Our company is going to use the front-end and back-end separation to do projects. In order to maintain the login status of the front-end and the front-end, I read a lot of people on the Internet saying that tokens are used to maintain login. Now I can directly store the md5 (sessionid) in the token? Is there any? What’s the problem?
ringa_lee2017-05-16 13:00:06
Essentially, the front-end encrypts the data to reduce the readability, such as the user's sensitive data, for the purpose of privacy protection. If you pass the seesion_id, there is no need to encrypt it. As for the md5 method mentioned above, it is wrong (for passing seesion_id), because the seesion_id itself is used as a key, and md5 is a hash method (irreversible). If the backend wants to use it, it can be used directly. Come and use it, your layers of md5 are meaningless (if it is hijacked, just use it directly)

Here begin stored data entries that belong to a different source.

(* Let $F$ be an infinite field and $n\ge3$. Let $z_1,\dots,z_k$ be distinct variables of degrees $g_1,\dots,g_k\in\{1,\dots,n-1\}$ with $g_1+\dots+g_k\le n-1$, and $y_1,\dots,y_t$ distinct variables of degree $0$. Then the pairwise distinct commutators $$[z_1,a^{(1)}_1y_1,\dots,a^{(1)}_ty_t,z_{\sigma(2)},a^{(2)}_1y_1,\dots,a^{(2)}_ty_t,\dots,z_{\sigma(k)},a^{(k)}_1y_1,\dots,a^{(k)}_ty_t],$$ with $\sigma\in S_k$, $\sigma(1)=1$ and $a^{(s)}_i\ge0$, are linearly independent modulo the $T_{\mathbb{Z}_n}$-ideal $I$ of graded identities of $UT_n(F)^{(-)}$.
   Context: $UT_n(F)^{(-)}$: $n\times n$ upper triangular matrices with bracket $[a,b]=ab-ba$ and canonical $\mathbb{Z}_n$-grading (degree-$k$ component spanned by $e_{ij}$, $j-i=k$); nonzero elements of $\mathbb{Z}_n$ are identified with $1,\dots,n-1$. $I$ is the set of polynomials in the free $\mathbb{Z}_n$-graded Lie algebra vanishing on $UT_n(F)^{(-)}$ under degree-respecting substitutions. Commutators are left normed; $ay$ inside a commutator means $y$ repeated $a$ times consecutively. *)

theory Defs
  imports "HOL-Combinatorics.Permutations"
begin

(* n x n matrices over 'a are represented as functions nat => nat => 'a;
   indices are 0-based, matrix entries outside {0..<n} x {0..<n} are required to be 0
   by the grading predicate below. *)
type_synonym 'a mat = "nat \<Rightarrow> nat \<Rightarrow> 'a"

definition mmult :: "nat \<Rightarrow> 'a::comm_ring_1 mat \<Rightarrow> 'a mat \<Rightarrow> 'a mat" where
  "mmult n A B = (\<lambda>i j. \<Sum>l<n. A i l * B l j)"

definition lbr :: "nat \<Rightarrow> 'a::comm_ring_1 mat \<Rightarrow> 'a mat \<Rightarrow> 'a mat" where
  "lbr n A B = (\<lambda>i j. mmult n A B i j - mmult n B A i j)"

fun lcomm :: "nat \<Rightarrow> 'a::comm_ring_1 mat list \<Rightarrow> 'a mat" where
  "lcomm n [] = (\<lambda>i j. 0)"
| "lcomm n (x # xs) = foldl (lbr n) x xs"

(* A lies in the degree-d component of the canonical Z_n-grading of UT_n(F):
   it is a linear combination of the e_ij with j - i = d *)
definition homog :: "nat \<Rightarrow> nat \<Rightarrow> 'a::zero mat \<Rightarrow> bool" where
  "homog n d A \<longleftrightarrow> (\<forall>i j. A i j \<noteq> 0 \<longrightarrow> i < n \<and> j < n \<and> j = i + d)"

(* variables: Z s = z_(s+1) (degree g s), Y i = y_(i+1) (degree 0) *)
datatype var = Z nat | Y nat

definition eval_word :: "nat \<Rightarrow> (var \<Rightarrow> 'a::comm_ring_1 mat) \<Rightarrow> var list \<Rightarrow> 'a mat" where
  "eval_word n \<phi> w = lcomm n (map \<phi> w)"

(* the commutator  [z_1, a^(1)_1 y_1, ..., a^(1)_t y_t, z_sigma(2), ..., z_sigma(k), a^(k)_1 y_1, ..., a^(k)_t y_t]
   as a word (0-indexed) *)
definition comm_word :: "nat \<Rightarrow> nat \<Rightarrow> (nat \<Rightarrow> nat) \<Rightarrow> (nat \<Rightarrow> nat \<Rightarrow> nat) \<Rightarrow> var list" where
  "comm_word k t \<sigma> a =
     concat (map (\<lambda>s. Z (\<sigma> s) # concat (map (\<lambda>i. replicate (a s i) (Y i)) [0..<t])) [0..<k])"

definition comm_words :: "nat \<Rightarrow> nat \<Rightarrow> var list set" where
  "comm_words k t = {comm_word k t \<sigma> a | \<sigma> a. \<sigma> permutes {..<k} \<and> \<sigma> 0 = 0}"

definition graded_subst :: "nat \<Rightarrow> nat \<Rightarrow> (nat \<Rightarrow> nat) \<Rightarrow> nat \<Rightarrow> (var \<Rightarrow> 'a::zero mat) \<Rightarrow> bool" where
  "graded_subst n k g t \<phi> \<longleftrightarrow>
     (\<forall>s<k. homog n (g s) (\<phi> (Z s))) \<and> (\<forall>i<t. homog n 0 (\<phi> (Y i)))"

end

theory Submission
  imports Defs "HOL-Computational_Algebra.Polynomial"
begin

text \<open>
  Fix a word with nonzero coefficient and let \<open>\<tau>\<close> be its permutation. Let p_m be the sum of the
  degrees of z_\<tau>(0), ..., z_\<tau>(m-1), and substitute z_\<tau>(m) by the matrix unit e_(p_m, p_(m+1)) and
  y_i by diag(v_i) with v_i(0) = 0; this is graded because the degrees sum to less than n.
  A left-normed commutator then has a nonzero (0, p_k) entry only if it walks the staircase
  p_0 < p_1 < ... < p_k in the order of \<open>\<tau>\<close>, and each y_i after the s-th step contributes the factor
  v_i(p_(s+1)). The identity thus becomes a polynomial identity in the free values v_i(p_(s+1)) whose
  monomials are the exponent patterns of the words with permutation \<open>\<tau>\<close>, and over an infinite field
  distinct monomials are linearly independent.
\<close>

definition emat :: "'a::zero \<Rightarrow> nat \<Rightarrow> nat \<Rightarrow> 'a mat" where
  "emat c p q = (\<lambda>i j. if i = p \<and> j = q then c else 0)"

definition diag_mat :: "nat \<Rightarrow> (nat \<Rightarrow> 'a::zero) \<Rightarrow> 'a mat" where
  "diag_mat n v = (\<lambda>i j. if i = j \<and> i < n then v i else 0)"

lemma emat_zero [simp]: "emat 0 p q = (\<lambda>i j. 0)"
  by (simp add: emat_def)

lemma mmult_emat_left:
  assumes "q < n"
  shows "mmult n (emat c p q) B i j = (if i = p then c * B q j else 0)"
proof -
  have "mmult n (emat c p q) B i j = (\<Sum>l<n. if l = q then (if i = p then c * B l j else 0) else 0)"
    unfolding mmult_def emat_def by (rule sum.cong) auto
  then show ?thesis using assms by simp
qed

lemma mmult_emat_right:
  assumes "p < n"
  shows "mmult n B (emat c p q) i j = (if j = q then B i p * c else 0)"
proof -
  have "mmult n B (emat c p q) i j = (\<Sum>l<n. if l = p then (if j = q then B i l * c else 0) else 0)"
    unfolding mmult_def emat_def by (rule sum.cong) auto
  then show ?thesis using assms by simp
qed

lemma lbr_emat_diag_mat:
  assumes "p < n" "q < n"
  shows "lbr n (emat c p q) (diag_mat n v) = emat (c * (v q - v p)) p q"
  using assms by (simp add: fun_eq_iff lbr_def mmult_emat_left mmult_emat_right)
    (auto simp: emat_def diag_mat_def algebra_simps)

lemma lbr_emat_emat:
  assumes "p < n" "q < n" "s \<noteq> p"
  shows "lbr n (emat c p q) (emat b r s) = emat (if q = r then c * b else 0) p s"
  using assms by (simp add: fun_eq_iff lbr_def mmult_emat_left mmult_emat_right) (auto simp: emat_def)

lemma foldl_lbr_diag_mats:
  assumes "p < n" "q < n"
  shows "foldl (lbr n) (emat c p q) (map (diag_mat n) vs) = emat (c * (\<Prod>v\<leftarrow>vs. v q - v p)) p q"
  using assms by (induction vs arbitrary: c) (simp_all add: lbr_emat_diag_mat mult.assoc)

lemma coeff_eq_0_if_sum_powers_vanish:
  fixes d :: "nat \<Rightarrow> 'a::field"
  assumes "infinite (UNIV :: 'a set)" "finite M" "\<And>z. (\<Sum>m\<in>M. d m * z ^ m) = 0" "m \<in> M"
  shows "d m = 0"
proof -
  define p where "p = (\<Sum>m\<in>M. monom (d m) m)"
  have "poly p z = 0" for z
    using assms(3) by (simp add: p_def poly_sum poly_monom)
  then have "p = 0"
    using poly_roots_finite[of p] assms(1) by auto
  moreover have "coeff p m = d m"
    using assms(2,4) by (simp add: p_def coeff_sum coeff_monom)
  ultimately show ?thesis by simp
qed

lemma monomials_linear_independent:
  fixes c :: "'b \<Rightarrow> 'a::field" and f :: "'b \<Rightarrow> 'e \<Rightarrow> nat"
  assumes "infinite (UNIV :: 'a set)" "finite S" "finite B"
    and "\<And>b b'. b \<in> B \<Longrightarrow> b' \<in> B \<Longrightarrow> (\<forall>e\<in>S. f b e = f b' e) \<Longrightarrow> b = b'"
    and "\<And>x. (\<Sum>b\<in>B. c b * (\<Prod>e\<in>S. x e ^ f b e)) = 0"
    and "b \<in> B"
  shows "c b = 0"
  using assms(2-)
proof (induction S arbitrary: B b rule: finite_induct)
  case empty
  then have "B = {b}" by blast
  then show ?case using empty.prems(3) by simp
next
  case (insert e S)
  define layer where "layer m = {b \<in> B. f b e = m}" for m
  have layer_vanishes: "(\<Sum>b\<in>layer m. c b * (\<Prod>e'\<in>S. y e' ^ f b e')) = 0"
    if "m \<in> (\<lambda>b. f b e) ` B" for m y
  proof (rule coeff_eq_0_if_sum_powers_vanish[OF assms(1) _ _ that])
    show "finite ((\<lambda>b. f b e) ` B)" using insert.prems(1) by simp
    fix z
    have "0 = (\<Sum>b\<in>B. c b * (\<Prod>e'\<in>insert e S. (y(e := z)) e' ^ f b e'))"
      using insert.prems(3) by simp
    also have "\<dots> = (\<Sum>b\<in>B. z ^ f b e * (c b * (\<Prod>e'\<in>S. y e' ^ f b e')))"
    proof (intro sum.cong refl)
      fix b
      have "(\<Prod>e'\<in>S. (y(e := z)) e' ^ f b e') = (\<Prod>e'\<in>S. y e' ^ f b e')"
        using insert.hyps(2) by (intro prod.cong) auto
      then show "c b * (\<Prod>e'\<in>insert e S. (y(e := z)) e' ^ f b e') = z ^ f b e * (c b * (\<Prod>e'\<in>S. y e' ^ f b e'))"
        using insert.hyps by (simp add: algebra_simps)
    qed
    also have "\<dots> = (\<Sum>m\<in>(\<lambda>b. f b e) ` B. \<Sum>b\<in>layer m. z ^ f b e * (c b * (\<Prod>e'\<in>S. y e' ^ f b e')))"
      unfolding layer_def by (rule sum.group[symmetric]) (use insert.prems(1) in auto)
    also have "\<dots> = (\<Sum>m\<in>(\<lambda>b. f b e) ` B. (\<Sum>b\<in>layer m. c b * (\<Prod>e'\<in>S. y e' ^ f b e')) * z ^ m)"
    proof (intro sum.cong refl)
      fix m
      show "(\<Sum>b\<in>layer m. z ^ f b e * (c b * (\<Prod>e'\<in>S. y e' ^ f b e')))
          = (\<Sum>b\<in>layer m. c b * (\<Prod>e'\<in>S. y e' ^ f b e')) * z ^ m"
        unfolding sum_distrib_right by (intro sum.cong refl) (simp add: layer_def)
    qed
    finally show "(\<Sum>m\<in>(\<lambda>b. f b e) ` B. (\<Sum>b\<in>layer m. c b * (\<Prod>e'\<in>S. y e' ^ f b e')) * z ^ m) = 0"
      by simp
  qed
  show ?case
  proof (rule insert.IH)
    show "finite (layer (f b e))" using insert.prems(1) by (simp add: layer_def)
    show "b \<in> layer (f b e)" using insert.prems(4) by (simp add: layer_def)
    show "(\<Sum>b'\<in>layer (f b e). c b' * (\<Prod>e'\<in>S. x e' ^ f b' e')) = 0" for x
      using layer_vanishes insert.prems(4) by blast
    show "b' = b''" if "b' \<in> layer (f b e)" "b'' \<in> layer (f b e)" "\<forall>e'\<in>S. f b' e' = f b'' e'" for b' b''
      using insert.prems(2) that by (auto simp: layer_def)
  qed
qed

definition comm_block :: "nat \<Rightarrow> (nat \<Rightarrow> nat) \<Rightarrow> (nat \<Rightarrow> nat \<Rightarrow> nat) \<Rightarrow> nat \<Rightarrow> var list" where
  "comm_block t \<sigma> a s = Z (\<sigma> s) # map Y (concat (map (\<lambda>i. replicate (a s i) i) [0..<t]))"

lemma comm_word_eq_concat_blocks: "comm_word k t \<sigma> a = concat (map (comm_block t \<sigma> a) [0..<k])"
  unfolding comm_word_def comm_block_def by (simp add: map_concat o_def)

lemma comm_word_cong:
  assumes "\<forall>s<k. \<sigma> s = \<sigma>' s" "\<forall>s<k. \<forall>i<t. a s i = a' s i"
  shows "comm_word k t \<sigma> a = comm_word k t \<sigma>' a'"
  using assms unfolding comm_word_def by (auto intro!: arg_cong[where f = concat] map_cong)

lemma prod_list_map_replicate_blocks:
  "prod_list (map f (concat (map (\<lambda>i. replicate (a i) i) [0..<t]))) = (\<Prod>i<t. f i ^ a i)"
  by (induction t) (simp_all add: map_concat prod_list.append)

locale staircase =
  fixes n k :: nat and g \<tau> :: "nat \<Rightarrow> nat"
  assumes tau_permutes: "\<tau> permutes {..<k}" and tau_0: "\<tau> 0 = 0" and k_pos: "0 < k"
    and deg_pos: "\<And>s. s < k \<Longrightarrow> 0 < g s" and deg_sum: "(\<Sum>s<k. g s) < n"
begin

definition pos :: "nat \<Rightarrow> nat" where
  "pos m = (\<Sum>r<m. g (\<tau> r))"

lemma pos_0 [simp]: "pos 0 = 0" and pos_Suc: "pos (Suc m) = pos m + g (\<tau> m)"
  by (simp_all add: pos_def)

lemma tau_less: "s < k \<Longrightarrow> \<tau> s < k"
  using tau_permutes permutes_in_image by fastforce

lemma inv_tau_less: "m < k \<Longrightarrow> inv \<tau> m < k"
  using permutes_inv[OF tau_permutes] permutes_in_image by fastforce

lemma pos_strict_mono: "s < s' \<Longrightarrow> s' \<le> k \<Longrightarrow> pos s < pos s'"
proof (induction s')
  case (Suc s')
  then show ?case using deg_pos[OF tau_less, of s'] by (cases "s = s'") (auto simp: pos_Suc)
qed simp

The token issue you mentioned lies in how the backend implements the authentication part, whether to restore the session to store information, or to use the token to verify the interface calling authority. It varies depending on how the backend is implemented.

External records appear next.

section \<open>Cancelling the common denominator\<close>

text \<open>Convolution with a sequence V with V 0 = 1 is injective (the system is triangular).\<close>
lemma level_cards_eq_if_convolutions_eq:
  fixes \<alpha> :: "'x \<Rightarrow> nat" and \<beta> :: "'y \<Rightarrow> nat" and V :: "nat \<Rightarrow> nat"
  assumes X: "finite X" and Y: "finite Y" and V0: "V 0 = 1"
    and eq: "\<And>N. (\<Sum>x\<in>X. if \<alpha> x \<le> N then V (N - \<alpha> x) else 0) =
                  (\<Sum>y\<in>Y. if \<beta> y \<le> N then V (N - \<beta> y) else 0)"
  shows "card {x\<in>X. \<alpha> x = k} = card {y\<in>Y. \<beta> y = k}"
proof -
  have grouped: "(\<Sum>x\<in>Z. if \<gamma> x \<le> N then V (N - \<gamma> x) else 0) =
      (\<Sum>k\<le>N. card {x\<in>Z. \<gamma> x = k} * V (N - k))" if Z: "finite Z" for Z :: "'z set" and \<gamma> N
  proof -
    have "(\<Sum>x\<in>Z. if \<gamma> x \<le> N then V (N - \<gamma> x) else 0) = (\<Sum>x\<in>{x\<in>Z. \<gamma> x \<le> N}. V (N - \<gamma> x))"
      using Z by (simp add: sum.inter_filter)
    also have "\<dots> = (\<Sum>k\<le>N. \<Sum>x\<in>{x\<in>{x\<in>Z. \<gamma> x \<le> N}. \<gamma> x = k}. V (N - \<gamma> x))"
      using Z by (intro sum.group[symmetric]) auto
    also have "\<dots> = (\<Sum>k\<le>N. card {x\<in>Z. \<gamma> x = k} * V (N - k))"
    proof (intro sum.cong refl)
      fix k assume "k \<in> {..N}"
      then have "{x\<in>{x\<in>Z. \<gamma> x \<le> N}. \<gamma> x = k} = {x\<in>Z. \<gamma> x = k}" by auto
      then show "(\<Sum>x\<in>{x\<in>{x\<in>Z. \<gamma> x \<le> N}. \<gamma> x = k}. V (N - \<gamma> x)) = card {x\<in>Z. \<gamma> x = k} * V (N - k)"
        by simp
    qed
    finally show ?thesis .
  qed
  define a where "a k = card {x\<in>X. \<alpha> x = k}" for k
  define b where "b k = card {y\<in>Y. \<beta> y = k}" for k
  have conv: "(\<Sum>k\<le>N. a k * V (N - k)) = (\<Sum>k\<le>N. b k * V (N - k))" for N
    using eq[of N] grouped[OF X, of \<alpha> N] grouped[OF Y, of \<beta> N] unfolding a_def b_def by simp
  have "a k = b k" for k
  proof (induction k rule: less_induct)
    case (less N)
    have "(\<Sum>k<N. a k * V (N - k)) = (\<Sum>k<N. b k * V (N - k))"
      using less by (intro sum.cong) auto
    moreover have "a N + (\<Sum>k<N. a k * V (N - k)) = b N + (\<Sum>k<N. b k * V (N - k))"
      using conv[of N] V0 by (simp add: lessThan_Suc_atMost[symmetric])
    ultimately show ?case by simp
  qed
  then show ?thesis unfolding a_def b_def .
qed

Session is saved by a cookie placed in the browser, and relies on the browser's cookie expiration time to control the login retention time (client perspective).

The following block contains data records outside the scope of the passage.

(* Let $m,n\in\mathbb{N}$, $0<\ell\le\infty$, and let $Q_1(x)$, $Q_0(x)$ be $m\times m$ matrix functions, locally summable on $[0,\ell)$. Consider the system $$y'(x,\lambda)=-\big(\lambda Q_1(x)+Q_0(x)\big)y(x,\lambda)\qquad(y'=\tfrac{d}{dx}y).$$ Let $A_1,A_2,S(0)$ be $n\times n$ matrices and $\Pi_1(0),\Pi_2(0)$ be $n\times m$ matrices satisfying $$A_1S(0)-S(0)A_2=\Pi_1(0)\Pi_2(0)^*.$$ Define $\Pi_1(x),\Pi_2(x),S(x)$ on $[0,\ell)$ by these initial values and $$\Pi_1'=A_1\Pi_1Q_1+\Pi_1Q_0,\qquad (\Pi_2^* )'=-Q_1\Pi_2^*A_2-Q_0\Pi_2^*,\qquad S'=\Pi_1Q_1\Pi_2^*,$$ and for $\lambda$ not an eigenvalue of $A_1$ set $$w_A(x,\lambda)=I_m-\Pi_2(x)^*S(x)^{-1}(A_1-\lambda I_n)^{-1}\Pi_1(x).$$ Let $y(x,\lambda)$ satisfy the system above. Then, at the points $x$ where $S(x)$ is invertible (i.e., on any subinterval of $[0,\ell)$ on which $S(x)$ is invertible), the function $\widetilde y(x,\lambda):=w_A(x,\lambda)y(x,\lambda)$ satisfies $$\widetilde y'(x,\lambda)=-\big(\lambda Q_1(x)+\widetilde Q_0(x)\big)\widetilde y(x,\lambda),$$ where $\widetilde Q_0(x)=Q_0(x)-\big(Q_1(x)X(x)-X(x)Q_1(x)\big)$ and $X(x)=\Pi_2(x)^*S(x)^{-1}\Pi_1(x)$.
   Context: $I_n$ is the $n\times n$ identity matrix and $H^*$ denotes the conjugate transpose of a matrix $H$. Differential equations with locally summable coefficients are understood for absolutely continuous solutions, almost everywhere. *)

theory Defs
  imports "HOL-Analysis.Analysis"
begin

definition ctrans :: "complex^'c^'r \<Rightarrow> complex^'r^'c" where
  "ctrans A = (\<chi> i j. cnj (A $ j $ i))"

definition abs_cont_on :: "(real \<Rightarrow> 'a::real_normed_vector) \<Rightarrow> real \<Rightarrow> real \<Rightarrow> bool" where
  "abs_cont_on f a b \<longleftrightarrow>
     (\<forall>e>0. \<exists>d>0. \<forall>(N::nat) (u::nat \<Rightarrow> real) v.
        (\<forall>k<N. a \<le> u k \<and> u k \<le> v k \<and> v k \<le> b) \<and>
        (\<forall>i<N. \<forall>j<N. i \<noteq> j \<longrightarrow> v i \<le> u j \<or> v j \<le> u i) \<and>
        (\<Sum>k<N. v k - u k) < d
        \<longrightarrow> (\<Sum>k<N. norm (f (v k) - f (u k))) < e)"

definition loc_summable :: "real set \<Rightarrow> (real \<Rightarrow> 'a::euclidean_space) \<Rightarrow> bool" where
  "loc_summable I f \<longleftrightarrow> (\<forall>a b. {a..b} \<subseteq> I \<longrightarrow> f absolutely_integrable_on {a..b})"

definition ac_solution :: "real set \<Rightarrow> (real \<Rightarrow> 'a \<Rightarrow> 'a) \<Rightarrow> (real \<Rightarrow> 'a::real_normed_vector) \<Rightarrow> bool" where
  "ac_solution I F y \<longleftrightarrow>
     (\<forall>a b. {a..b} \<subseteq> I \<longrightarrow> abs_cont_on y a b) \<and>
     (AE x in lebesgue. x \<in> I \<longrightarrow> (y has_vector_derivative F x (y x)) (at x))"

definition half_line :: "ereal \<Rightarrow> real set" where
  "half_line l = {x. 0 \<le> x \<and> ereal x < l}"

end

theory Submission
  imports Defs
begin

(* The Sylvester identity A1 S - S A2 = Pi1 Pi2^* holds on the whole of [0, l): both sides are
   absolutely continuous with the same derivative almost everywhere, and an absolutely
   continuous function whose derivative vanishes almost everywhere is constant.

   Where S is invertible put W = I - Pi2^* S^-1 R Pi1 with R = (A1 - lam I)^-1.  The product
   rule together with (S^-1)' = - S^-1 S' S^-1 gives W', which the identity, in the form
   A2 S^-1 = S^-1 A1 - S^-1 Pi1 Pi2^* S^-1, and R A1 = A1 R = I + lam R turn into
   W' = W (lam Q1 + Q0) - (lam Q1 + ~Q0) W.  Hence (W y)' = - (lam Q1 + ~Q0) W y almost
   everywhere, and W y is absolutely continuous because products and inverses of absolutely
   continuous matrix functions are. *)



section \<open>Matrix algebra\<close>


lemma matrix_add_rdistrib: "(A + B) ** C = A ** C + B ** C"
  by (simp add: matrix_matrix_mult_def vec_eq_iff sum.distrib distrib_right)

lemma matrix_diff_ldistrib: "A ** (B - C) = A ** B - A ** (C :: 'a::ring_1^_^_)"
  by (simp add: matrix_matrix_mult_def vec_eq_iff sum_subtractf right_diff_distrib)

lemma matrix_diff_rdistrib: "(A - B) ** C = A ** C - B ** (C :: 'a::ring_1^_^_)"
  by (simp add: matrix_matrix_mult_def vec_eq_iff sum_subtractf left_diff_distrib)

lemma matrix_minus_left: "- A ** B = - (A ** (B :: 'a::ring_1^_^_))"
  by (simp add: matrix_matrix_mult_def vec_eq_iff sum_negf)

lemma matrix_minus_right: "A ** - B = - (A ** (B :: 'a::ring_1^_^_))"
  by (simp add: matrix_matrix_mult_def vec_eq_iff sum_negf)

text \<open>Scalar multiples are kept as a separate constant: writing them as \<open>mat c ** A\<close> and
  commuting \<open>mat c\<close> to the front would make the simplifier loop on \<open>mat c ** mat c\<close>.\<close>

definition mat_smult :: "'a::times \<Rightarrow> 'a^'n^'m \<Rightarrow> 'a^'n^'m"
  where "mat_smult c A = (\<chi> i j. c * A $ i $ j)"

lemma mat_smult_matrix_mult_left: "mat_smult c A ** B = mat_smult c (A ** (B :: 'a::comm_semiring_1^_^_))"
  and mat_smult_matrix_mult_right: "A ** mat_smult c B = mat_smult c (A ** (B :: 'a::comm_semiring_1^_^_))"
  by (simp_all add: mat_smult_def matrix_matrix_mult_def vec_eq_iff sum_distrib_left ac_simps)

lemma mat_smult_add: "mat_smult c (A + B) = mat_smult c A + mat_smult c (B :: 'a::ring^_^_)"
  and mat_smult_diff: "mat_smult c (A - B) = mat_smult c A - mat_smult c (B :: 'a::ring^_^_)"
  and mat_smult_minus: "mat_smult c (- A) = - mat_smult c (A :: 'a::ring^_^_)"
  by (simp_all add: mat_smult_def vec_eq_iff algebra_simps)

lemma matrix_mult_mat: "A ** mat c = mat_smult c (A :: 'a::comm_semiring_1^_^_)"
  by (simp add: mat_smult_def matrix_matrix_mult_def mat_def vec_eq_iff if_distrib if_distribR
      sum.delta' mult.commute cong: if_cong)

lemma mat_matrix_mult: "mat c ** A = mat_smult c (A :: 'a::semiring_1^_^_)"
  by (simp add: mat_smult_def matrix_matrix_mult_def mat_def vec_eq_iff if_distrib if_distribR
      sum.delta' cong: if_cong)

lemma mat_smult_matrix_vector_mult: "mat_smult c A *v v = c *s (A *v (v :: 'a::comm_semiring_1^_))"
  by (simp add: mat_smult_def matrix_vector_mult_def vec_eq_iff sum_distrib_left mult.assoc)

lemmas matrix_ring_simps = matrix_add_ldistrib matrix_add_rdistrib matrix_diff_ldistrib
  matrix_diff_rdistrib matrix_minus_left matrix_minus_right matrix_mul_assoc mat_smult_matrix_mult_left mat_smult_matrix_mult_right
  mat_smult_add mat_smult_diff mat_smult_minus

lemma bounded_bilinear_matrix_matrix_mult:
  "bounded_bilinear ((**) :: 'a::{euclidean_space,real_algebra_1}^'k^'m \<Rightarrow> 'a^'n^'k \<Rightarrow> 'a^'n^'m)"
  unfolding bilinear_conv_bounded_bilinear[symmetric] bilinear_def linear_iff
  by (simp add: matrix_add_ldistrib matrix_add_rdistrib scalar_matrix_assoc matrix_scalar_ac)

lemma bounded_bilinear_matrix_vector_mult:
  "bounded_bilinear ((*v) :: 'a::{euclidean_space,real_algebra_1}^'n^'m \<Rightarrow> 'a^'n \<Rightarrow> 'a^'m)"
  unfolding bilinear_conv_bounded_bilinear[symmetric] bilinear_def linear_iff
  by (simp add: matrix_vector_right_distrib matrix_vector_mult_add_rdistrib)
    (simp add: matrix_vector_mult_def vec_eq_iff scaleR_sum_right)

lemma matrix_inv_right: "invertible A \<Longrightarrow> A ** matrix_inv A = mat 1"
  and matrix_inv_left: "invertible A \<Longrightarrow> matrix_inv A ** A = mat 1"
  unfolding invertible_def matrix_inv_def by (metis (mono_tags, lifting) someI_ex)+

lemma matrix_inv_diff:
  fixes A B :: "'a::ring_1^'n^'n"
  assumes "invertible A" "invertible B"
  shows "matrix_inv B - matrix_inv A = matrix_inv B ** (A - B) ** matrix_inv A"
proof -
  have "matrix_inv B ** (A - B) ** matrix_inv A
      = matrix_inv B ** (A ** matrix_inv A) - (matrix_inv B ** B) ** matrix_inv A"
    by (simp add: matrix_mul_assoc matrix_diff_ldistrib matrix_diff_rdistrib)
  then show ?thesis by (simp add: matrix_inv_left matrix_inv_right assms)
qed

For the rest of the content, please refer to this session cookie vs token
習慣沉默2017-05-16 13:00:06
Token, just have the MD5 encrypted date when logging in, then throw it into redis, and then block it in the interceptor to make a judgment
PHP中文网2017-05-16 13:00:06
As long as no sensitive content (passwords, etc.) is stored, there is no problem for me. It is recommended to use the popular jwt. There are libraries implemented in various languages, and it is very convenient to use.
世界只因有你2017-05-16 13:00:06
sessionid Isn’t it an encrypted plaintext token? There is no need to md5 it
给我你的怀抱2017-05-16 13:00:06
It’s absolutely fine, use jwt. Pay attention to verifying the legality of the token.